What’s a disaster for the most successful company in the world is a gift for satirists, though. Check out the latest cover of Mad magazine: a spoof of an iconic New Yorker cover, with a map of the city wildly distorted (‘now using Apple maps’). 10th Avenue has become the Champs Elysees, the Hudson River has become the Sea of Galilee and Canada has become Chad.
The New Yorker’s David Denby is the latest in a line of film critics to write about the dearth of movies for grown-ups these days, in amidst all the Judd Apatow gross-out comedies and chick flicks about shopping and weddings (the only things girls care about, don’t you know?). He is depressed about the way that opening weekend grosses get more and more important, meaning that the the types of viewers drawn to see movies straight away are the ones who increasingly determine what gets made.

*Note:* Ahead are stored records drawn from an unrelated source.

(* Let $m\ge 2$ and let $B$ be a blocker in $CK(2m)$. Then the boundary edges belonging to $B$ are all contained in some set of $m$ consecutive boundary edges $\{[s,s+1],[s+1,s+2],\dots,[s+m-1,s+m]\}$ (labels modulo $2m$).
   Context: $CK(2m)$ denotes the complete convex geometric graph whose vertices are the $2m$ vertices of a convex polygon, labelled cyclically $0,1,\dots,2m-1$ (labels modulo $2m$), and whose edges are all straight segments between pairs of vertices. Two edges with four distinct endpoints cross iff their endpoints alternate in the cyclic order. A simple perfect matching (SPM) is a set of $m$ edges that are pairwise disjoint (no common endpoint and no crossing). A blocking set is a set of edges containing at least one edge of every SPM. A blocker is a blocking set with exactly $m$ edges. Boundary edges are the edges $[i,i+1]$. *)

theory Defs
  imports Main
begin

(* Vertices of CK(2m): the naturals 0..2m-1 in cyclic order.
   An edge is a two-element set {a,b} of vertices. *)

definition is_edge :: "nat \<Rightarrow> nat set \<Rightarrow> bool" where
  "is_edge m e \<longleftrightarrow> (\<exists>a b. a < b \<and> b < 2*m \<and> e = {a, b})"

definition all_edges :: "nat \<Rightarrow> nat set set" where
  "all_edges m = {e. is_edge m e}"

(* two edges with four distinct endpoints cross iff their endpoints alternate
   in the cyclic order; for a < b this means exactly one of c, d lies strictly
   between a and b *)
definition crosses :: "nat set \<Rightarrow> nat set \<Rightarrow> bool" where
  "crosses e f \<longleftrightarrow> (\<exists>a b c d. a < b \<and> c < d \<and> e = {a,b} \<and> f = {c,d} \<and>
      a \<noteq> c \<and> a \<noteq> d \<and> b \<noteq> c \<and> b \<noteq> d \<and>
      ((a < c \<and> c < b) \<noteq> (a < d \<and> d < b)))"
lemma mnorm_perturbation_mat_le: "mnorm (perturbation_mat g j) \<le> \<bar>g j\<bar>"
  unfolding mnorm_def
proof (rule onorm_le)
  fix x :: "real^2"
  have "perturbation_mat g j *v x = (- g j * x$1) *\<^sub>R axis 1 1"
    by (simp add: vec_eq_iff perturbation_mat_def matrix_vector_mult_def axis_def UNIV_2)
  then have "norm (perturbation_mat g j *v x) = \<bar>g j\<bar> * \<bar>x$1\<bar>"
    by (simp add: abs_mult)
  also have "\<dots> \<le> \<bar>g j\<bar> * norm x"
    by (intro mult_left_mono component_le_norm_cart) auto
  finally show "norm (perturbation_mat g j *v x) \<le> \<bar>g j\<bar> * norm x" .
qed

lemma M_Suc:
  "M lam \<alpha> v0 (Suc m) \<theta> E n = Amat lam \<alpha> v0 (\<lambda>_. 0) \<theta> E (n + int m) ** M lam \<alpha> v0 m \<theta> E n"
  unfolding M_def by simp

lemma M_shift: "M lam \<alpha> v0 m \<theta> E n = M lam \<alpha> v0 m (\<theta> + of_int n *\<^sub>R \<alpha>) E 0"
proof (induction m)
  case (Suc m)
  have shift: "\<theta> + of_int (n + int m) *\<^sub>R \<alpha> = (\<theta> + of_int n *\<^sub>R \<alpha>) + of_int (0 + int m) *\<^sub>R \<alpha>"
    by (simp add: scaleR_add_left)
  have "Amat lam \<alpha> v0 (\<lambda>_. 0) \<theta> E (n + int m)
      = Amat lam \<alpha> v0 (\<lambda>_. 0) (\<theta> + of_int n *\<^sub>R \<alpha>) E (0 + int m)"
    unfolding Amat_def shift ..
  with Suc show ?case by (simp add: M_Suc)
qed (simp add: M_def)

lemma Mg_duhamel:
  "Mg lam \<alpha> v0 g k \<theta> E 0 = M lam \<alpha> v0 k \<theta> E 0 +
     (\<Sum>j<k. M lam \<alpha> v0 (k - 1 - j) \<theta> E (int (j + 1)) ** perturbation_mat g (int j)
              ** Mg lam \<alpha> v0 g j \<theta> E 0)"
proof (induction k)
  case 0
  then show ?case by (simp add: M_def)
next
  case (Suc k)
  let ?A = "Amat lam \<alpha> v0 (\<lambda>_. 0) \<theta> E (int k)"
  let ?D = "perturbation_mat g (int k)"
  let ?Mg = "Mg lam \<alpha> v0 g k \<theta> E 0"
  let ?T = "\<lambda>k j. M lam \<alpha> v0 (k - 1 - j) \<theta> E (int (j + 1)) ** perturbation_mat g (int j)
                   ** Mg lam \<alpha> v0 g j \<theta> E 0"
  have step: "?A ** ?T k j = ?T (Suc k) j" if "j < k" for j
  proof -
    have len: "Suc k - 1 - j = Suc (k - 1 - j)" and start: "int (j + 1) + int (k - 1 - j) = int k"
      using that by simp_all
    show ?thesis unfolding len M_Suc start by (simp add: matrix_mul_assoc)
  qed
  have "Mg lam \<alpha> v0 g (Suc k) \<theta> E 0 = ?A ** ?Mg + ?D ** ?Mg"
    by (simp add: Amat_eq_unperturbed_plus_perturbation[of _ _ _ g] matrix_add_rdistrib)
  also have "?A ** ?Mg = ?A ** M lam \<alpha> v0 k \<theta> E 0 + (\<Sum>j<k. ?A ** ?T k j)"
    by (subst Suc) (simp only: matrix_add_ldistrib matrix_mul_sum_right[OF finite_lessThan])
  also have "(\<Sum>j<k. ?A ** ?T k j) = (\<Sum>j<k. ?T (Suc k) j)"
    by (rule sum.cong[OF refl]) (rule step, simp)
  also have "?A ** M lam \<alpha> v0 k \<theta> E 0 = M lam \<alpha> v0 (Suc k) \<theta> E 0"
    by (simp add: M_Suc)
  also have "?D ** ?Mg = ?T (Suc k) k"
    by (simp add: M_def)
  finally show ?case by (simp add: add.assoc)
qed
text \<open>One step of depth-first search from a root x: x gets depth 0, the set A of vertices
  reachable from x is explored recursively from the out-neighbours of x, one level deeper, and
  the rest W - A independently. No arc leaves A inside W, so a cycle meeting A lies in A, and a
  cycle through x returns to x from a vertex of A - {x}.\<close>

lemma rooted_depth_combine:
  assumes "x \<in> A" "A \<subseteq> W" "x \<in> Y" "X \<subseteq> Y"
    and "rooted_depth E (A - {x}) {y \<in> A - {x}. (x, y) \<in> E} d1"
    and "rooted_depth E (W - A) X d2"
  shows "rooted_depth E W Y (\<lambda>v. if v = x then 0 else if v \<in> A then Suc (d1 v) else d2 v)"
  unfolding rooted_depth_def
proof
  fix v assume "v \<in> W"
  consider "v = x" | "v \<in> A - {x}" | "v \<in> W - A" using \<open>v \<in> W\<close> by blast
  then show "\<exists>p. is_path E p \<and> set p \<subseteq> W \<and> hd p \<in> Y \<and> last p = v \<and>
      length p = Suc (if v = x then 0 else if v \<in> A then Suc (d1 v) else d2 v)"
  proof cases
    case 1
    then show ?thesis using assms(1-3) by (intro exI[of _ "[x]"]) (auto simp: is_path_singleton)
  next
    case 2
    then obtain p where "is_path E p" "set p \<subseteq> insert x A" "hd p = x" "last p = v"
        "length p = Suc (Suc (d1 v))"
      using rooted_depth_Cons_root[OF assms(5)] by blast
    then show ?thesis using 2 assms(1-3) by (intro exI[of _ p]) auto
  next
    case 3
    then obtain p where "is_path E p" "set p \<subseteq> W - A" "hd p \<in> X" "last p = v"
        "length p = Suc (d2 v)"
      using assms(6) unfolding rooted_depth_def by blast
    then show ?thesis using 3 assms(1,4) by (intro exI[of _ p]) auto
  qed
qed
lemma Rpow_coeff_Suc:
  assumes "r \<le> Suc j"
  shows "Rpow_coeff (Suc j) \<kappa> r = Rpow_coeff j \<kappa> r * (\<kappa> + of_nat j + of_nat r)
    + (if r = 0 then 0 else 2 * \<i> * Rpow_coeff j \<kappa> (r - 1))"
proof (cases r)
  case 0
  then show ?thesis
    by (simp add: Rpow_coeff_def pochhammer_Suc)
next
  case (Suc q)
  show ?thesis
  proof (cases "q = j")
    case True
    then show ?thesis
      using Suc by (simp add: Rpow_coeff_def)
  next
    case False
    then have "q < j"
      using assms Suc by simp
    then obtain m where j: "j = Suc (q + m)"
      using less_iff_Suc_add by auto
    define P where "P = pochhammer (\<kappa> + of_nat q + 1) m"
    define T where "T = (2 * \<i> :: complex) ^ q"
    define C0 where "C0 = (of_nat (j choose q) :: complex)"
    define C1 where "C1 = (of_nat (j choose Suc q) :: complex)"
    have binomial: "(of_nat q + 1) * C1 = (of_nat m + 1) * C0"
      unfolding C0_def C1_def j using Suc_times_binomial_add[of q m]
      by (metis of_nat_Suc of_nat_mult add.commute)
    have nat: "(of_nat j :: complex) = of_nat q + of_nat m + 1" "(of_nat r :: complex) = of_nat q + 1"
      using j Suc by simp_all
    have "Rpow_coeff (Suc j) \<kappa> r = (C0 + C1) * (P * (\<kappa> + of_nat j)) * (2 * \<i> * T)"
      unfolding Rpow_coeff_def Suc C0_def C1_def P_def T_def j by (simp add: pochhammer_Suc add_ac)
    also have "\<dots> = C1 * P * (2 * \<i> * T) * (\<kappa> + of_nat j + of_nat r)
        + 2 * \<i> * (C0 * ((\<kappa> + of_nat q) * P) * T)
        + 2 * \<i> * T * P * ((of_nat m + 1) * C0 - (of_nat q + 1) * C1)"
      unfolding nat by (simp add: algebra_simps)
    also have "C1 * P * (2 * \<i> * T) = Rpow_coeff j \<kappa> r"
      unfolding Rpow_coeff_def Suc C1_def P_def T_def j by (simp add: add_ac)
    also have "C0 * ((\<kappa> + of_nat q) * P) * T = Rpow_coeff j \<kappa> (r - 1)"
      unfolding Rpow_coeff_def Suc C0_def P_def T_def j by (simp add: pochhammer_rec add_ac)
    finally show ?thesis
      using Suc binomial by simp
  qed
qed

lemma Rpow_coeff_sum_Suc:
  fixes X :: "nat \<Rightarrow> complex"
  shows "(\<Sum>r=0..j. Rpow_coeff j \<kappa> r
            * (2 * \<i> * (\<i> / 2 * of_nat (j - r) * v ^ Suc (j - r) * X r + v ^ (j - r) * X (Suc r))))
         + (\<kappa> + 2 * of_nat j) * v * (\<Sum>r=0..j. Rpow_coeff j \<kappa> r * (v ^ (j - r) * X r))
       = (\<Sum>r=0..Suc j. Rpow_coeff (Suc j) \<kappa> r * (v ^ (Suc j - r) * X r))"
  (is "?lhs = ?rhs")
proof -
  define c where "c = Rpow_coeff j \<kappa>"
  define Y where "Y r = v ^ (Suc j - r) * X r" for r
  have "?lhs = (\<Sum>r=0..j. c r * (\<kappa> + of_nat j + of_nat r) * Y r)
      + (\<Sum>r=0..j. 2 * \<i> * c r * Y (Suc r))"
    unfolding sum.distrib[symmetric] sum_distrib_left c_def[symmetric]
  proof (rule sum.cong[OF refl])
    fix r assume "r \<in> {0..j}"
    then have pw: "v ^ (Suc j - r) = v * v ^ (j - r)"
      and nat: "(of_nat (j - r) :: complex) = of_nat j - of_nat r"
      by (simp_all add: Suc_diff_le of_nat_diff)
    show "c r * (2 * \<i> * (\<i> / 2 * of_nat (j - r) * v ^ Suc (j - r) * X r + v ^ (j - r) * X (Suc r)))
        + (\<kappa> + 2 * of_nat j) * v * (c r * (v ^ (j - r) * X r))
        = c r * (\<kappa> + of_nat j + of_nat r) * Y r + 2 * \<i> * c r * Y (Suc r)"
      unfolding Y_def pw nat power_Suc by (simp add: field_simps)
  qed
  also have "\<dots> = (\<Sum>r=0..Suc j. c r * (\<kappa> + of_nat j + of_nat r) * Y r)
      + (\<Sum>r=0..Suc j. (if r = 0 then 0 else 2 * \<i> * c (r - 1)) * Y r)"
  proof -
    have "(\<Sum>r=0..Suc j. c r * (\<kappa> + of_nat j + of_nat r) * Y r)
        = (\<Sum>r=0..j. c r * (\<kappa> + of_nat j + of_nat r) * Y r)"
      by (simp add: c_def Rpow_coeff_def)
    moreover have "(\<Sum>r=0..Suc j. (if r = 0 then 0 else 2 * \<i> * c (r - 1)) * Y r)
        = (\<Sum>r=0..j. 2 * \<i> * c r * Y (Suc r))"
      unfolding sum.atLeast0_atMost_Suc_shift by simp
    ultimately show ?thesis
      by simp
  qed
  also have "\<dots> = ?rhs"
    unfolding sum.distrib[symmetric] Y_def c_def
    by (intro sum.cong refl) (simp add: Rpow_coeff_Suc algebra_simps)
  finally show ?thesis .
qed
lemma Ncomp_hcomp: "\<alpha> \<in> cell2 C f g \<Longrightarrow> \<beta> \<in> cell2 C h k \<Longrightarrow> f \<in> hom1 C A B \<Longrightarrow> h \<in> hom1 C B E \<Longrightarrow>
    P \<in> DOb D A \<Longrightarrow>
    Ncomp D (hcomp C \<beta> \<alpha>) P = Dcomp D E (Fmor D k (Ncomp D \<alpha> P)) (Ncomp D \<beta> (Fob D f P))"
  using strict_functor unfolding strict_two_functor_to_Cat_def hom1_def cell2_def by (elim conjE) auto



lemma Ncomp_whisker_left:
  assumes \<alpha>: "\<alpha> \<in> cell2 C f k" and f: "f \<in> hom1 C A B" and g: "g \<in> hom1 C B E"
    and X: "X \<in> DOb D A"
  shows "Ncomp D (hcomp C (id2 C g) \<alpha>) X = Fmor D g (Ncomp D \<alpha> X)"
proof -
  have E: "E \<in> Ob C" using hom1_Ob[OF g] by blast
  have "Ncomp D (hcomp C (id2 C g) \<alpha>) X
      = Dcomp D E (Fmor D g (Ncomp D \<alpha> X)) (Ncomp D (id2 C g) (Fob D f X))"
    using Ncomp_hcomp[OF \<alpha> id2_cell2[OF g] f g X] .
  also have "\<dots> = Dcomp D E (Fmor D g (Ncomp D \<alpha> X)) (Did D E (Fob D g (Fob D f X)))"
    using Ncomp_id2[OF g Fob_DOb[OF f X]] by simp
  also have "\<dots> = Fmor D g (Ncomp D \<alpha> X)"
    using Dcomp_Did_right[OF E Fmor_Dhom[OF g Ncomp_Dhom[OF \<alpha> f X]]] .
  finally show ?thesis .
qed

lemma Ncomp_whisker_right:
  assumes \<alpha>: "\<alpha> \<in> cell2 C g k" and f: "f \<in> hom1 C A B" and g: "g \<in> hom1 C B E"
    and X: "X \<in> DOb D A"
  shows "Ncomp D (hcomp C \<alpha> (id2 C f)) X = Ncomp D \<alpha> (Fob D f X)"
proof -
  have E: "E \<in> Ob C" using hom1_Ob[OF g] by blast
  have fX: "Fob D f X \<in> DOb D B" using Fob_DOb[OF f X] .
  have "Ncomp D (hcomp C \<alpha> (id2 C f)) X
      = Dcomp D E (Fmor D k (Ncomp D (id2 C f) X)) (Ncomp D \<alpha> (Fob D f X))"
    using Ncomp_hcomp[OF id2_cell2[OF f] \<alpha> f g X] .
  also have "\<dots> = Dcomp D E (Did D E (Fob D k (Fob D f X))) (Ncomp D \<alpha> (Fob D f X))"
    using Ncomp_id2[OF f X] Fmor_Did[OF cell2_hom1[OF \<alpha> g] fX] by simp
  also have "\<dots> = Ncomp D \<alpha> (Fob D f X)"
    using Dcomp_Did_left[OF E Ncomp_Dhom[OF \<alpha> g fX]] .
  finally show ?thesis .
qed

lemma Ncomp_whisker:
  assumes \<alpha>: "\<alpha> \<in> cell2 C u v" and u: "u \<in> hom1 C B B'"
    and f: "f \<in> hom1 C A B" and g: "g \<in> hom1 C B' E" and X: "X \<in> DOb D A"
  shows "Ncomp D (hcomp C (id2 C g) (hcomp C \<alpha> (id2 C f))) X = Fmor D g (Ncomp D \<alpha> (Fob D f X))"
  using Ncomp_whisker_left[OF hcomp_cell2[OF id2_cell2[OF f] \<alpha> f u] comp1_hom1[OF f u] g X]
    Ncomp_whisker_right[OF \<alpha> f u X] by simp

lemma Ncomp_unit_comp:
  assumes \<alpha>: "\<alpha> \<in> cell2 C (id1 C A) (comp1 C g h)" and \<beta>: "\<beta> \<in> cell2 C (id1 C B) k"
    and k: "k \<in> hom1 C B B" and g: "g \<in> hom1 C B A" and h: "h \<in> hom1 C A B"
    and X: "X \<in> DOb D A"
  shows "Ncomp D (unit_comp C g h \<alpha> \<beta>) X = Dcomp D A (Fmor D g (Ncomp D \<beta> (Fob D h X))) (Ncomp D \<alpha> X)"
  using Ncomp_vcomp[OF \<alpha> whisker_unit_cell2[OF \<beta> k h g] id1_hom1 X]
    Ncomp_whisker[OF \<beta> id1_hom1 h g X] hom1_Ob[OF h]
  unfolding unit_comp_def by simp

end

definition half_interleaving ::
  "('o,'m,'t) two_cat \<Rightarrow> ('o,'m,'t,'x,'a) two_functor \<Rightarrow> 'o \<Rightarrow> 'x \<Rightarrow> 'o \<Rightarrow> 'x \<Rightarrow> 'm \<Rightarrow> 'm \<Rightarrow>
   't \<Rightarrow> 'a \<Rightarrow> 'a \<Rightarrow> bool" where
  "half_interleaving C D A X B Y g h \<alpha> \<phi> \<psi> \<longleftrightarrow>
     \<phi> \<in> Dhom D A X (Fob D g Y) \<and> \<psi> \<in> Dhom D B Y (Fob D h X) \<and>
     \<alpha> \<in> cell2 C (id1 C A) (comp1 C g h) \<and> Dcomp D A (Fmor D g \<psi>) \<phi> = Ncomp D \<alpha> X"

Since grownups tend to wait for reviews or word from friends, they don’t go the first few days the movie is playing. That means, as it has for years, that people from, say, fifteen to twenty-five years of age exercise an influence on what gets made by the studios way out of proportion to their numbers in the population. My friends under about forty-five accept this as normal: They don’t know that movies, for the first eighty years of their existence, were essentially made for adults.
The Awl has a nifty little humorous piece on the stages of grief after publishing your first book, from denial (‘If they want to low-ball me on the film rights, that’s fine, but in that case I will need a piece of the back end and final say on casting’) to acceptance (‘Remaindered? You mean I can buy my own hardbacks for a buck twenty a piece? Oh. Hell. Yes.’)
And on the ‘thinky’ side of the same subject, Australian writer Rachel Hills has written about the challenge of book writing – and the serious hunkering down in a quiet room, alone – it involves, particularly to the fragile writerly ego of a long-time freelance writer, addicted to the rush of being regularly published. ‘It is countless hours spent alone, perfecting ideas that are too complex to explain to strangers you meet at cocktail parties. It is enforced humbleness (or at least enforced daily stomping on that ego and desire for affirmation).’
Hardly a day goes by without another article about the plague of sexting (particularly teen sexting) and the perils of mobile and internet technology when it comes to privacy. But, as an Atlantic article points out, before there were mobile phone ‘selfies’, there was the Polaroid camera, which also lent itself to the kind of pictures you wouldn’t want your photo lab technician to see. Mia Farrow sprung Woody Allen for his affair with her adopted daughter Soon Yi after she found some naked Polaroids. And Robert Mapplethorpe experimented with Polaroids when he was just starting to play with photography, much of it homoerotic.
It’s tough times in the publishing world. So, perhaps it’s no surprise that Penguin are suing several authors for failing to deliver contracted books for which they’d already received an advance. Among them are Prozac Nation author Elizabeth Wurtzel, darling of the grungey nineties, for a book to help teenagers deal with depression that never materialised (the contract was for $100,000 and she was paid $33,300 in advance) and New Yorker writer Rebecca Mead, for a collection of her journalism (which seems odd – had she lost her press clippings or her laptop since she signed the contract?), who owes $20,000; Penguin also wants $2000 in interest.